[Saved data entries]
Content starts

lemma teq4I:
  assumes vs: "vector_space s1" "vector_space s2" "vector_space s3" "vector_space s4"
    and "\<And>f. (\<And>y z w. lin_form s1 (\<lambda>x. f x y z w)) \<Longrightarrow> (\<And>x z w. lin_form s2 (\<lambda>y. f x y z w)) \<Longrightarrow>
      (\<And>x y w. lin_form s3 (\<lambda>z. f x y z w)) \<Longrightarrow> (\<And>x y z. lin_form s4 (\<lambda>w. f x y z w)) \<Longrightarrow>
      (\<Sum>p\<leftarrow>t. f (fst p) (fst (snd p)) (fst (snd (snd p))) (snd (snd (snd p)))) =
      (\<Sum>p\<leftarrow>u. f (fst p) (fst (snd p)) (fst (snd (snd p))) (snd (snd (snd p))))"
  shows "teq4 s1 s2 s3 s4 t u"
  using assms(5) unfolding teq4_def quadrilin_def linear_iff_lin_form[OF vs(1)] linear_iff_lin_form[OF vs(2)]
    linear_iff_lin_form[OF vs(3)] linear_iff_lin_form[OF vs(4)] by auto

text \<open>Elimination forms: applied backwards they leave the instance of the equation as the first
  subgoal, and the linearity side conditions after it.\<close>

lemma teq2E:
  assumes "teq2 s1 s2 t u" "vector_space s1" "vector_space s2"
    and "(\<Sum>p\<leftarrow>t. f (fst p) (snd p)) = (\<Sum>p\<leftarrow>u. f (fst p) (snd p)) \<Longrightarrow> P"
    and "\<And>y. lin_form s1 (\<lambda>x. f x y)" "\<And>x. lin_form s2 (\<lambda>y. f x y)"
  shows P
  using assms(4)[OF teq2D[OF assms(1,2,3,5,6)]] .

lemma teq3E:
  assumes "teq3 s1 s2 s3 t u" "vector_space s1" "vector_space s2" "vector_space s3"
    and "(\<Sum>p\<leftarrow>t. f (fst p) (fst (snd p)) (snd (snd p))) =
      (\<Sum>p\<leftarrow>u. f (fst p) (fst (snd p)) (snd (snd p))) \<Longrightarrow> P"
    and "\<And>y z. lin_form s1 (\<lambda>x. f x y z)" "\<And>x z. lin_form s2 (\<lambda>y. f x y z)"
      "\<And>x y. lin_form s3 (\<lambda>z. f x y z)"
  shows P
  using assms(5)[OF teq3D[OF assms(1,2,3,4,6,7,8)]] .

lemma teq4D:
  assumes "teq4 s1 s2 s3 s4 t u" and vs: "vector_space s1" "vector_space s2" "vector_space s3" "vector_space s4"
    and "\<And>y z w. lin_form s1 (\<lambda>x. f x y z w)" "\<And>x z w. lin_form s2 (\<lambda>y. f x y z w)"
      "\<And>x y w. lin_form s3 (\<lambda>z. f x y z w)" "\<And>x y z. lin_form s4 (\<lambda>w. f x y z w)"
  shows "(\<Sum>p\<leftarrow>t. f (fst p) (fst (snd p)) (fst (snd (snd p))) (snd (snd (snd p)))) =
      (\<Sum>p\<leftarrow>u. f (fst p) (fst (snd p)) (fst (snd (snd p))) (snd (snd (snd p))))"
  using assms unfolding teq4_def quadrilin_def linear_iff_lin_form[OF vs(1)] linear_iff_lin_form[OF vs(2)]
    linear_iff_lin_form[OF vs(3)] linear_iff_lin_form[OF vs(4)] by auto

lemma teq4E:
  assumes "teq4 s1 s2 s3 s4 t u" "vector_space s1" "vector_space s2" "vector_space s3" "vector_space s4"
    and "(\<Sum>p\<leftarrow>t. f (fst p) (fst (snd p)) (fst (snd (snd p))) (snd (snd (snd p)))) =
      (\<Sum>p\<leftarrow>u. f (fst p) (fst (snd p)) (fst (snd (snd p))) (snd (snd (snd p)))) \<Longrightarrow> P"
    and "\<And>y z w. lin_form s1 (\<lambda>x. f x y z w)" "\<And>x z w. lin_form s2 (\<lambda>y. f x y z w)"
      "\<And>x y w. lin_form s3 (\<lambda>z. f x y z w)" "\<And>x y z. lin_form s4 (\<lambda>w. f x y z w)"
  shows P
  using assms(6)[OF teq4D[OF assms(1-5,7-10)]] .

lemma lin_form_sum_tlin2:
  assumes F: "tlin2 s s1 s2 F" and vs: "vector_space s" "vector_space s1" "vector_space s2"
    and G: "\<And>w. lin_form s1 (\<lambda>u. G (u, w))" "\<And>u. lin_form s2 (\<lambda>w. G (u, w))"
  shows "lin_form s (\<lambda>x. \<Sum>p\<leftarrow>F x. G p)"
proof -
  have affine: "(\<Sum>p\<leftarrow>F (s c x + y). G p) = c * (\<Sum>p\<leftarrow>F x. G p) + (\<Sum>p\<leftarrow>F y. G p)" for c x y
  proof -
    have "teq2 s1 s2 (F (s c x + y)) (map (\<lambda>(a, b). (s1 c a, b)) (F x) @ F y)"
      using F unfolding tlin2_def by blast
    from teq2D[OF this vs(2,3), of "\<lambda>u w. G (u, w)"] G
    show ?thesis by (simp add: lin_form_def sum_list_const_mult)
  qed
  have zero: "(\<Sum>p\<leftarrow>F 0. G p) = 0"
    using affine[of 1 0 0] vector_space_simps(1)[OF vs(1)]
    by (metis add.right_neutral add_left_cancel mult_1)
  show ?thesis unfolding lin_form_def
    using affine[of 1] affine[of _ _ 0] zero vs(1) by (simp add: vector_space_simps)
qed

Content ends

> _Exercise directions_: Set down all of the records shown above once more, exactly.

> _Reply to the task_:
lemma teq4I:
  assumes vs: "vector_space s1" "vector_space s2" "vector_space s3" "vector_space s4"
    and "\<And>f. (\<And>y z w. lin_form s1 (\<lambda>x. f x y z w)) \<Longrightarrow> (\<And>x z w. lin_form s2 (\<lambda>y. f x y z w)) \<Longrightarrow>
      (\<And>x y w. lin_form s3 (\<lambda>z. f x y z w)) \<Longrightarrow> (\<And>x y z. lin_form s4 (\<lambda>w. f x y z w)) \<Longrightarrow>
      (\<Sum>p\<leftarrow>t. f (fst p) (fst (snd p)) (fst (snd (snd p))) (snd (snd (snd p)))) =
      (\<Sum>p\<leftarrow>u. f (fst p) (fst (snd p)) (fst (snd (snd p))) (snd (snd (snd p))))"
  shows "teq4 s1 s2 s3 s4 t u"
  using assms(5) unfolding teq4_def quadrilin_def linear_iff_lin_form[OF vs(1)] linear_iff_lin_form[OF vs(2)]
    linear_iff_lin_form[OF vs(3)] linear_iff_lin_form[OF vs(4)] by auto

text \<open>Elimination forms: applied backwards they leave the instance of the equation as the first
  subgoal, and the linearity side conditions after it.\<close>

lemma teq2E:
  assumes "teq2 s1 s2 t u" "vector_space s1" "vector_space s2"
    and "(\<Sum>p\<leftarrow>t. f (fst p) (snd p)) = (\<Sum>p\<leftarrow>u. f (fst p) (snd p)) \<Longrightarrow> P"
    and "\<And>y. lin_form s1 (\<lambda>x. f x y)" "\<And>x. lin_form s2 (\<lambda>y. f x y)"
  shows P
  using assms(4)[OF teq2D[OF assms(1,2,3,5,6)]] .

lemma teq3E:
  assumes "teq3 s1 s2 s3 t u" "vector_space s1" "vector_space s2" "vector_space s3"
    and "(\<Sum>p\<leftarrow>t. f (fst p) (fst (snd p)) (snd (snd p))) =
      (\<Sum>p\<leftarrow>u. f (fst p) (fst (snd p)) (snd (snd p))) \<Longrightarrow> P"
    and "\<And>y z. lin_form s1 (\<lambda>x. f x y z)" "\<And>x z. lin_form s2 (\<lambda>y. f x y z)"
      "\<And>x y. lin_form s3 (\<lambda>z. f x y z)"
  shows P
  using assms(5)[OF teq3D[OF assms(1,2,3,4,6,7,8)]] .

lemma teq4D:
  assumes "teq4 s1 s2 s3 s4 t u" and vs: "vector_space s1" "vector_space s2" "vector_space s3" "vector_space s4"
    and "\<And>y z w. lin_form s1 (\<lambda>x. f x y z w)" "\<And>x z w. lin_form s2 (\<lambda>y. f x y z w)"
      "\<And>x y w. lin_form s3 (\<lambda>z. f x y z w)" "\<And>x y z. lin_form s4 (\<lambda>w. f x y z w)"
  shows "(\<Sum>p\<leftarrow>t. f (fst p) (fst (snd p)) (fst (snd (snd p))) (snd (snd (snd p)))) =
      (\<Sum>p\<leftarrow>u. f (fst p) (fst (snd p)) (fst (snd (snd p))) (snd (snd (snd p))))"
  using assms unfolding teq4_def quadrilin_def linear_iff_lin_form[OF vs(1)] linear_iff_lin_form[OF vs(2)]
    linear_iff_lin_form[OF vs(3)] linear_iff_lin_form[OF vs(4)] by auto

lemma teq4E:
  assumes "teq4 s1 s2 s3 s4 t u" "vector_space s1" "vector_space s2" "vector_space s3" "vector_space s4"
    and "(\<Sum>p\<leftarrow>t. f (fst p) (fst (snd p)) (fst (snd (snd p))) (snd (snd (snd p)))) =
      (\<Sum>p\<leftarrow>u. f (fst p) (fst (snd p)) (fst (snd (snd p))) (snd (snd (snd p)))) \<Longrightarrow> P"
    and "\<And>y z w. lin_form s1 (\<lambda>x. f x y z w)" "\<And>x z w. lin_form s2 (\<lambda>y. f x y z w)"
      "\<And>x y w. lin_form s3 (\<lambda>z. f x y z w)" "\<And>x y z. lin_form s4 (\<lambda>w. f x y z w)"
  shows P
  using assms(6)[OF teq4D[OF assms(1-5,7-10)]] .

lemma lin_form_sum_tlin2:
  assumes F: "tlin2 s s1 s2 F" and vs: "vector_space s" "vector_space s1" "vector_space s2"
    and G: "\<And>w. lin_form s1 (\<lambda>u. G (u, w))" "\<And>u. lin_form s2 (\<lambda>w. G (u, w))"
  shows "lin_form s (\<lambda>x. \<Sum>p\<leftarrow>F x. G p)"
proof -
  have affine: "(\<Sum>p\<leftarrow>F (s c x + y). G p) = c * (\<Sum>p\<leftarrow>F x. G p) + (\<Sum>p\<leftarrow>F y. G p)" for c x y
  proof -
    have "teq2 s1 s2 (F (s c x + y)) (map (\<lambda>(a, b). (s1 c a, b)) (F x) @ F y)"
      using F unfolding tlin2_def by blast
    from teq2D[OF this vs(2,3), of "\<lambda>u w. G (u, w)"] G
    show ?thesis by (simp add: lin_form_def sum_list_const_mult)
  qed
  have zero: "(\<Sum>p\<leftarrow>F 0. G p) = 0"
    using affine[of 1 0 0] vector_space_simps(1)[OF vs(1)]
    by (metis add.right_neutral add_left_cancel mult_1)
  show ?thesis unfolding lin_form_def
    using affine[of 1] affine[of _ _ 0] zero vs(1) by (simp add: vector_space_simps)
qed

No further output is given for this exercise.